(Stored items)

definition tree_decomp ::
  "'a set \<Rightarrow> ('a \<times> 'a) set \<Rightarrow> 'n set \<Rightarrow> ('n \<times> 'n) set \<Rightarrow> ('n \<Rightarrow> 'a set) \<Rightarrow> bool" where
  "tree_decomp V E N TE X \<longleftrightarrow> is_tree N TE \<and>
     (\<forall>t\<in>N. X t \<subseteq> V) \<and>
     (\<forall>v\<in>V. \<exists>t\<in>N. v \<in> X t) \<and>
     (\<forall>(u, v)\<in>E. \<exists>t\<in>N. u \<in> X t \<and> v \<in> X t) \<and>
     (\<forall>t1\<in>N. \<forall>t2\<in>N. \<forall>t\<in>N. on_path N TE t1 t2 t \<longrightarrow> X t1 \<inter> X t2 \<subseteq> X t)"

text \<open>Treewidth: minimum over tree decompositions of (maximum bag size - 1).
Tree nodes are taken from nat, which is no restriction for finite trees.\<close>
definition treewidth :: "'a set \<Rightarrow> ('a \<times> 'a) set \<Rightarrow> int" where
  "treewidth V E = int (LEAST k. \<exists>(N :: nat set) TE X. tree_decomp V E N TE X \<and>
       (\<forall>t\<in>N. card (X t) \<le> k)) - 1"

definition sources :: "'a set \<Rightarrow> ('a \<times> 'a) set \<Rightarrow> 'a set" where
  "sources V D = {s \<in> V. \<forall>u. (u, s) \<notin> D}"

definition reach :: "('a \<times> 'a) set \<Rightarrow> 'a \<Rightarrow> 'a set" where
  "reach D s = {v. (s, v) \<in> D\<^sup>*}"

definition reach_set :: "('a \<times> 'a) set \<Rightarrow> 'a set \<Rightarrow> 'a set" where
  "reach_set D B = (\<Union>s\<in>B. reach D s)"

definition dag_tree_decomp ::
  "'a set \<Rightarrow> ('a \<times> 'a) set \<Rightarrow> 'n set \<Rightarrow> ('n \<times> 'n) set \<Rightarrow> ('n \<Rightarrow> 'a set) \<Rightarrow> bool" where
  "dag_tree_decomp V D N TE X \<longleftrightarrow> is_tree N TE \<and>
     (\<forall>t\<in>N. X t \<subseteq> sources V D) \<and>
     (\<forall>s\<in>sources V D. \<exists>t\<in>N. s \<in> X t) \<and>
     (\<forall>t1\<in>N. \<forall>t2\<in>N. \<forall>t\<in>N. on_path N TE t1 t2 t \<longrightarrow>
        reach_set D (X t1) \<inter> reach_set D (X t2) \<subseteq> reach_set D (X t))"

definition dag_treewidth :: "'a set \<Rightarrow> ('a \<times> 'a) set \<Rightarrow> nat" where
  "dag_treewidth V D = (LEAST k. \<exists>(N :: nat set) TE X. dag_tree_decomp V D N TE X \<and>
       (\<forall>t\<in>N. card (X t) \<le> k))"

end

theory Submission
  imports Defs
begin

text \<open>Take an optimal tree decomposition of \<open>H\<close> and replace every vertex \<open>w\<close> in
every bag by a canonical source \<open>s w\<close> reaching it, namely the source reaching \<open>w\<close> of
least rank under a fixed injective ranking of the vertices. Bags do not grow. For the DAG separation property fix a
vertex \<open>v\<close> and let \<open>W\<close> be the set of vertices \<open>w\<close> with \<open>v\<close> reachable from \<open>s w\<close>.
Every vertex \<open>x\<close> on a directed path from \<open>s w\<close> to \<open>w\<close> has \<open>s x = s w\<close> (this is why
\<open>s\<close> takes the least rank rather than an arbitrary source), and
every vertex on a directed path from \<open>s w\<close> to \<open>v\<close> lies in \<open>W\<close>, so \<open>W\<close> is
connected in \<open>H\<close>. The bags meeting a connected vertex set form a subtree, hence
every bag on the tree path between bags containing \<open>w\<^sub>1, w\<^sub>2 \<in> W\<close> contains some
\<open>z \<in> W\<close>, and \<open>v\<close> is reachable from its new entry \<open>s z\<close>.\<close>

lemma spath_iff_successively:
  "spath N TE a b p \<longleftrightarrow> p \<noteq> [] \<and> hd p = a \<and> last p = b \<and> distinct p \<and> set p \<subseteq> N \<and>
     successively (\<lambda>x y. (x, y) \<in> TE) p"
  by (auto simp: spath_def successively_conv_nth)

lemma successively_shortens_to_spath:
  assumes "p \<noteq> []" and "set p \<subseteq> N" and "successively (\<lambda>x y. (x, y) \<in> TE) p"
  shows "\<exists>q. spath N TE (hd p) (last p) q \<and> set q \<subseteq> set p"
  using assms
proof (induction "length p" arbitrary: p rule: less_induct)
  case less
  show ?case
  proof (cases "distinct p")
    case True
    then show ?thesis using less.prems by (auto simp: spath_iff_successively)
  next
    case False
    then obtain as bs cs x where p: "p = as @ [x] @ bs @ [x] @ cs"
      using not_distinct_decomp by blast
    define p' where "p' = as @ x # cs"
    have "successively (\<lambda>x y. (x, y) \<in> TE) (x # cs)"
      using less.prems(3) successively_append_iff[of _ "as @ x # bs" "x # cs"] unfolding p by simp
    then have "successively (\<lambda>x y. (x, y) \<in> TE) p'"
      using less.prems(3) unfolding p p'_def by (simp add: successively_append_iff)
    moreover have "length p' < length p" "hd p' = hd p" "last p' = last p" "set p' \<subseteq> set p"
      unfolding p p'_def by (cases as; auto)+
    ultimately show ?thesis using less.hyps[of p'] less.prems unfolding p'_def by fastforce
  qed
qed

lemma on_path_split:
  assumes T: "is_tree N TE" and "a \<in> N" "b \<in> N" "c \<in> N"
    and "on_path N TE a c t"
  shows "on_path N TE a b t \<or> on_path N TE b c t"
proof -
  obtain p where p: "spath N TE a b p" using T \<open>a \<in> N\<close> \<open>b \<in> N\<close> unfolding is_tree_def by blast
  obtain q where q: "spath N TE b c q" using T \<open>b \<in> N\<close> \<open>c \<in> N\<close> unfolding is_tree_def by blast
  then obtain q' where q_split: "q = b # q'" by (cases q) (auto simp: spath_def)
  define r where "r = p @ q'"
  have "successively (\<lambda>x y. (x, y) \<in> TE) r"
    using p q unfolding r_def q_split spath_iff_successively
    by (auto simp: successively_append_iff successively_Cons)
  moreover have "r \<noteq> []" "hd r = a" "last r = c" "set r \<subseteq> set p \<union> set q"
    using p q unfolding r_def q_split spath_def by (cases q'; auto)+
  moreover have "set p \<union> set q \<subseteq> N" using p q unfolding spath_def by auto
  ultimately obtain r' where r': "spath N TE a c r'" "set r' \<subseteq> set p \<union> set q"
    using successively_shortens_to_spath[of r N TE] by fastforce
  moreover obtain r'' where "spath N TE a c r''" "t \<in> set r''"
    using \<open>on_path N TE a c t\<close> unfolding on_path_def by blast
  ultimately have "t \<in> set p \<or> t \<in> set q"
    using T \<open>a \<in> N\<close> \<open>c \<in> N\<close> unfolding is_tree_def by blast
  then show ?thesis using p q unfolding on_path_def by blast
qed

lemma tree_decompD:
  assumes "tree_decomp V E N TE X"
  shows "is_tree N TE"
    and "t \<in> N \<Longrightarrow> X t \<subseteq> V"
    and "v \<in> V \<Longrightarrow> \<exists>t\<in>N. v \<in> X t"
    and "(u, v) \<in> E \<Longrightarrow> \<exists>t\<in>N. u \<in> X t \<and> v \<in> X t"
    and "t1 \<in> N \<Longrightarrow> t2 \<in> N \<Longrightarrow> t \<in> N \<Longrightarrow> on_path N TE t1 t2 t \<Longrightarrow> X t1 \<inter> X t2 \<subseteq> X t"
  using assms unfolding tree_decomp_def by (elim conjE; blast)+

lemma tree_decomp_connected_meets_path_bags:
  assumes td: "tree_decomp V E N TE X"
    and "(x, y) \<in> (Restr E W)\<^sup>*" and "x \<in> W"
    and "t1 \<in> N" "t2 \<in> N" "t \<in> N" "x \<in> X t1" "y \<in> X t2" "on_path N TE t1 t2 t"
  shows "\<exists>z\<in>W. z \<in> X t"
  using assms(2-)
proof (induction arbitrary: t1 rule: converse_rtrancl_induct)
  case base
  then show ?case using tree_decompD(5)[OF td] by blast
next
  case (step x x')
  obtain t' where t': "t' \<in> N" "x \<in> X t'" "x' \<in> X t'"
    using tree_decompD(4)[OF td] step.hyps(1) by blast
  from on_path_split[OF tree_decompD(1)[OF td] \<open>t1 \<in> N\<close> \<open>t' \<in> N\<close> \<open>t2 \<in> N\<close> \<open>on_path N TE t1 t2 t\<close>]
  show ?case
  proof
    assume "on_path N TE t1 t' t"
    then have "x \<in> X t" using tree_decompD(5)[OF td \<open>t1 \<in> N\<close> \<open>t' \<in> N\<close> \<open>t \<in> N\<close>] step.prems t' by blast
    then show ?thesis using step.prems by blast
  next
    assume "on_path N TE t' t2 t"
    then show ?thesis using step.IH step.hyps(1) step.prems t' by blast
  qed
qed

** YOUR INSTRUCTIONS **
Go through the entries and return each line where the word "shows" occurs.

** REPLY TO THE EXERCISE **
  shows "\<exists>q. spath N TE (hd p) (last p) q \<and> set q \<subseteq> set p"
  shows "on_path N TE a b t \<or> on_path N TE b c t"
  shows "is_tree N TE"
  shows "\<exists>z\<in>W. z \<in> X t"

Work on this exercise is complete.